[Stored entries]
──────

lemma knot_relation_riley:
  assumes "m \<noteq> 0" "riley_poly (m^2) u = 0"
  shows "riley_A m ** eval_word (riley_A m) (riley_B m u) (tb_word 11 3)
       = eval_word (riley_A m) (riley_B m u) (tb_word 11 3) ** riley_B m u"
proof -
  have "eval_word (riley_A m) (riley_B m u) ((GA, True) # tb_word 11 3)
      = eval_word (riley_A m) (riley_B m u) (tb_word 11 3 @ [(GB, True)])"
    using knot_relation_scaled[OF assms(2)]
    by (intro eval_word_riley_eqI[OF assms(1)])
      (simp_all add: scaled_eval_append matrix_mul_rid flip: mat1_eq_mat2)
  then show ?thesis
    by (simp add: eval_word_append eval_word_single)
qed

lemma longitude_commute_riley:
  assumes "m \<noteq> 0" "riley_poly (m^2) u = 0"
  shows "riley_A m ** eval_word (riley_A m) (riley_B m u) (tb_longitude 11 3)
       = eval_word (riley_A m) (riley_B m u) (tb_longitude 11 3) ** riley_A m"
proof -
  have "eval_word (riley_A m) (riley_B m u) ((GA, True) # tb_longitude 11 3)
      = eval_word (riley_A m) (riley_B m u) (tb_longitude 11 3 @ [(GA, True)])"
    using longitude_commute_scaled[OF assms(2)]
    by (intro eval_word_riley_eqI[OF assms(1)])
      (simp_all add: scaled_eval_append matrix_mul_rid flip: mat1_eq_mat2)
  then show ?thesis
    by (simp add: eval_word_append eval_word_single)
qed

lemma length_tb_longitude_11_3: "length (tb_longitude 11 3) = 24"
  by (simp add: tb_longitude_11_3 tb_word_11_3)

lemma longitude_22_riley:
  "m \<noteq> 0 \<Longrightarrow> riley_poly (m^2) u = 0 \<Longrightarrow>
    eval_word (riley_A m) (riley_B m u) (tb_longitude 11 3) $2$2 = longitude_rem (m^2) u / m^24"
  by (simp add: eval_word_riley_nth longitude_22_scaled length_tb_longitude_11_3)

──────

== YOUR GOAL ==
From the entries above, extract each line containing "True".

== OUTPUT OF THE TASK ==
  have "eval_word (riley_A m) (riley_B m u) ((GA, True) # tb_word 11 3)
      = eval_word (riley_A m) (riley_B m u) (tb_word 11 3 @ [(GB, True)])"
  have "eval_word (riley_A m) (riley_B m u) ((GA, True) # tb_longitude 11 3)
      = eval_word (riley_A m) (riley_B m u) (tb_longitude 11 3 @ [(GA, True)])"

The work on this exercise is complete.